(RECORDS FOR THE EXERCISE):
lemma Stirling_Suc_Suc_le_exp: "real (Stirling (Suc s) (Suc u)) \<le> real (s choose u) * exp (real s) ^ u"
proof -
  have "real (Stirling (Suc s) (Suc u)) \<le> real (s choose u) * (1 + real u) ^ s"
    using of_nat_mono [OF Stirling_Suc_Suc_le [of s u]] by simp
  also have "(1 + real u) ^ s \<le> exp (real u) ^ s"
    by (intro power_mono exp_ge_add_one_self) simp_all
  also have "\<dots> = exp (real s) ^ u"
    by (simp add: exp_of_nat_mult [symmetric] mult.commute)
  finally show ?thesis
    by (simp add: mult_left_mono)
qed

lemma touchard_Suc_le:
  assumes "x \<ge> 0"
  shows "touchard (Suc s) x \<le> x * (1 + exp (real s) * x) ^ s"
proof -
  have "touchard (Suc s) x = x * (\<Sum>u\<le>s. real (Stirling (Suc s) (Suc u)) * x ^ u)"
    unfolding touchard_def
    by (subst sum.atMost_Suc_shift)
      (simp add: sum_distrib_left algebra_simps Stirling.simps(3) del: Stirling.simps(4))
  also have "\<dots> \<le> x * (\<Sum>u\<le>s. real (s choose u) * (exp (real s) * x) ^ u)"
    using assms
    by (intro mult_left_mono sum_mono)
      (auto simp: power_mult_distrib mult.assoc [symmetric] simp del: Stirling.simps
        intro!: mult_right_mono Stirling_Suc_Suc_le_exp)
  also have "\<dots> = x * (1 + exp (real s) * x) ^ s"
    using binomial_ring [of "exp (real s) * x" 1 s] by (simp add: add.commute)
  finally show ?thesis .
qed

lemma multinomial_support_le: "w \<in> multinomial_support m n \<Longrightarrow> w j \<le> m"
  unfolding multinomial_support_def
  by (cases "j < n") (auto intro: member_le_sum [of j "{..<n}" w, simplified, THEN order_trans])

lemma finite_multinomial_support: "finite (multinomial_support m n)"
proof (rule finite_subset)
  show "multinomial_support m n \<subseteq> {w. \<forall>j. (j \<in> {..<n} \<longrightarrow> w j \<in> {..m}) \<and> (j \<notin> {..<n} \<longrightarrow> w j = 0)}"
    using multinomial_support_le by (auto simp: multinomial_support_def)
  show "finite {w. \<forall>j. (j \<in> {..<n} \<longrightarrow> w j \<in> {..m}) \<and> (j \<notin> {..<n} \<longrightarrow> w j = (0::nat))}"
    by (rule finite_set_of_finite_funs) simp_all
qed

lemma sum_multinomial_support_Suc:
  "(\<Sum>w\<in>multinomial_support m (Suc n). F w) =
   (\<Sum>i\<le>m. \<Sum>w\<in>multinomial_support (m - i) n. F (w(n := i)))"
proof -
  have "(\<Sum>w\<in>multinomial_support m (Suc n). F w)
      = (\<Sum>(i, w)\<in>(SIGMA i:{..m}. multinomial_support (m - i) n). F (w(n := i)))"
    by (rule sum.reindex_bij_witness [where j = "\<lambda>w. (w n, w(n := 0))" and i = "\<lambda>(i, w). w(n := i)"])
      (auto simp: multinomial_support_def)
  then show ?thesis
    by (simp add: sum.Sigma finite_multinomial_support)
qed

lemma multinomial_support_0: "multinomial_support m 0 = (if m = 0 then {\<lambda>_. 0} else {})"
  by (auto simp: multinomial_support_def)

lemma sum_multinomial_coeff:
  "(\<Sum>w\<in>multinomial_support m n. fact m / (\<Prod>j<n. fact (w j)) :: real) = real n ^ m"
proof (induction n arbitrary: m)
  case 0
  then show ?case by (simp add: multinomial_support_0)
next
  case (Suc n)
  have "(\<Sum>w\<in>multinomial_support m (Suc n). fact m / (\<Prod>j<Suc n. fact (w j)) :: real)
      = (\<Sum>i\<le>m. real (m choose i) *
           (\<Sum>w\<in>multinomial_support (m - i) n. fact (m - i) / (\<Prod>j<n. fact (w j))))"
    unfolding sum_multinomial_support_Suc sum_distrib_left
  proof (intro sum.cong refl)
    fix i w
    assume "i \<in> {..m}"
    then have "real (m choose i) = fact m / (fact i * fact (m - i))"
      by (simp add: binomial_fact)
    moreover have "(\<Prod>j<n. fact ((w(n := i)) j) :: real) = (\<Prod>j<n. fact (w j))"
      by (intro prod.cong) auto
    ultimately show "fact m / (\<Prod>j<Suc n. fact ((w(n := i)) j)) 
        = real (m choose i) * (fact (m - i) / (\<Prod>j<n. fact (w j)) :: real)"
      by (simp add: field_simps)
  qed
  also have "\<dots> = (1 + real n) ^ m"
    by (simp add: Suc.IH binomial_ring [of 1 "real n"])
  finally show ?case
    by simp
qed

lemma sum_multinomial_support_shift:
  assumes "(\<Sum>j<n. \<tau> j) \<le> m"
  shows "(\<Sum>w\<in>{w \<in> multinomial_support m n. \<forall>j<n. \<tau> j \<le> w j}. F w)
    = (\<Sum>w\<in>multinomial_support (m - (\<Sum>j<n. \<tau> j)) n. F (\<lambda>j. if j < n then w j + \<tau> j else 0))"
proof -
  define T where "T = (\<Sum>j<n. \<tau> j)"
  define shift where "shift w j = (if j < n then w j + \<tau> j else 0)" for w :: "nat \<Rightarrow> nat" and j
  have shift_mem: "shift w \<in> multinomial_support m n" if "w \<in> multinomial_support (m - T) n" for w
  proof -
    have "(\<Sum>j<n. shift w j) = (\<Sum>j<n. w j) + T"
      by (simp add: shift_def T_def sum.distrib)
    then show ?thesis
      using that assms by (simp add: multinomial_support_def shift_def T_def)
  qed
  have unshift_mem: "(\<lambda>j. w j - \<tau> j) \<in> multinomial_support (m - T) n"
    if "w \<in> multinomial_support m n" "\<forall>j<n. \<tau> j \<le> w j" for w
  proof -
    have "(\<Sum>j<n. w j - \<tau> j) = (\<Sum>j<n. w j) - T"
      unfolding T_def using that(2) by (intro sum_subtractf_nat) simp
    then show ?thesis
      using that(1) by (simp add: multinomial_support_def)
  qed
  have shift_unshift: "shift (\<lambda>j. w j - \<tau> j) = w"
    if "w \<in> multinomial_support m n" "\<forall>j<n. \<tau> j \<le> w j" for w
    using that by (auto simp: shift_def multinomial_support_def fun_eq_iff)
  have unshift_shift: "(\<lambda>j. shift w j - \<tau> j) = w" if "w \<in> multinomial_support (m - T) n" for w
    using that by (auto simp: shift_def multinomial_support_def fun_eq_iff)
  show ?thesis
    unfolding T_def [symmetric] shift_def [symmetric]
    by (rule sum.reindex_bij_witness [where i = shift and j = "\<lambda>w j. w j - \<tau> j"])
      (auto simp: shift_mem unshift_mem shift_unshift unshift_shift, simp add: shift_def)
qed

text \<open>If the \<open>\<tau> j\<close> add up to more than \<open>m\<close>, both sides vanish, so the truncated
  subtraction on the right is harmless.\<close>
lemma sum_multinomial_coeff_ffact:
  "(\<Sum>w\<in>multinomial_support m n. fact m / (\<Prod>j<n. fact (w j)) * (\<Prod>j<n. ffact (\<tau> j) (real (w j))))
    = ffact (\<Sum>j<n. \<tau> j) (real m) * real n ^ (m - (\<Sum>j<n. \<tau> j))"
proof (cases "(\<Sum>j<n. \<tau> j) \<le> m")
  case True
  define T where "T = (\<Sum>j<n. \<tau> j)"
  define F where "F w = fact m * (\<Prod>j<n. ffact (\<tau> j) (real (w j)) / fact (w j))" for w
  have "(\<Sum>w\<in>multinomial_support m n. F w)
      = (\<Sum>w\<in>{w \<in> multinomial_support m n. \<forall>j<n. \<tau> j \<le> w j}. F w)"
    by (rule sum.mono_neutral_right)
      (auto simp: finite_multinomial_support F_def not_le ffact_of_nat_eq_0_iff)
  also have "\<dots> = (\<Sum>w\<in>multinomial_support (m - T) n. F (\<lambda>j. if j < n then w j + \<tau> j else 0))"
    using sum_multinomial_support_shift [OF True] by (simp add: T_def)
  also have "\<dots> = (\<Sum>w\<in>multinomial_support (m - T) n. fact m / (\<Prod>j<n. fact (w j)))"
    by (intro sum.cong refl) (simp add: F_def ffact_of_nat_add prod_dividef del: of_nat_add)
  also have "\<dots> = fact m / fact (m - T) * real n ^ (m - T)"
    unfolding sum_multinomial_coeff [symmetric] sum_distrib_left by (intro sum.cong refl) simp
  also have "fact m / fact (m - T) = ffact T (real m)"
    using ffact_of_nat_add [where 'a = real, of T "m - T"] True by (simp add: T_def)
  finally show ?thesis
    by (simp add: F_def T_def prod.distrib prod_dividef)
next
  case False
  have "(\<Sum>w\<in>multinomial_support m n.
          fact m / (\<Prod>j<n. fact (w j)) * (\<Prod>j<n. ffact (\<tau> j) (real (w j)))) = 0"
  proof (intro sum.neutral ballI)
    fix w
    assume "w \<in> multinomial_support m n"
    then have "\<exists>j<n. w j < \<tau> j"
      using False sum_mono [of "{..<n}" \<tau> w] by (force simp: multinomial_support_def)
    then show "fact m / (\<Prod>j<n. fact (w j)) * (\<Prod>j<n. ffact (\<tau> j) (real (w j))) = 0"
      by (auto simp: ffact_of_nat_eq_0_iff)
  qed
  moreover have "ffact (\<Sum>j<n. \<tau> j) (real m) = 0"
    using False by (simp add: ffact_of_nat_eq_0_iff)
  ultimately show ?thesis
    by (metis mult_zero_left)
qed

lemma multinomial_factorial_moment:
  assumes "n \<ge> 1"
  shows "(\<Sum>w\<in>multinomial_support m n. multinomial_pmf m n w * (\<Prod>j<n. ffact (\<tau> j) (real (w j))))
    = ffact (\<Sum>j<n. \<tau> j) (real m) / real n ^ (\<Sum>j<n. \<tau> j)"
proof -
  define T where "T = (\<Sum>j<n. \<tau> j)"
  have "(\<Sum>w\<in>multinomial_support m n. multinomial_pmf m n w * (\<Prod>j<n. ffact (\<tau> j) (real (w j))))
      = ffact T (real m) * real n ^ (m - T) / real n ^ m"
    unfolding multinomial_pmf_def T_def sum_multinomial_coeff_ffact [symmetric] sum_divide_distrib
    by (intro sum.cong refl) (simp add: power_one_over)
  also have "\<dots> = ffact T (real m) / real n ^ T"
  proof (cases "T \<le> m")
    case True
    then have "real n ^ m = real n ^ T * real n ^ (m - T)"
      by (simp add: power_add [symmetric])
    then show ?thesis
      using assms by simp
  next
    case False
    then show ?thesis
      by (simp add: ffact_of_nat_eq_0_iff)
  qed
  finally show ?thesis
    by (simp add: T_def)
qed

(TASK REQUIREMENTS):
The answer is each line in which the word "False" occurs, copied from the material above.

(ANSWER AREA):
  case False
      using False sum_mono [of "{..<n}" \<tau> w] by (force simp: multinomial_support_def)
    using False by (simp add: ffact_of_nat_eq_0_iff)
    case False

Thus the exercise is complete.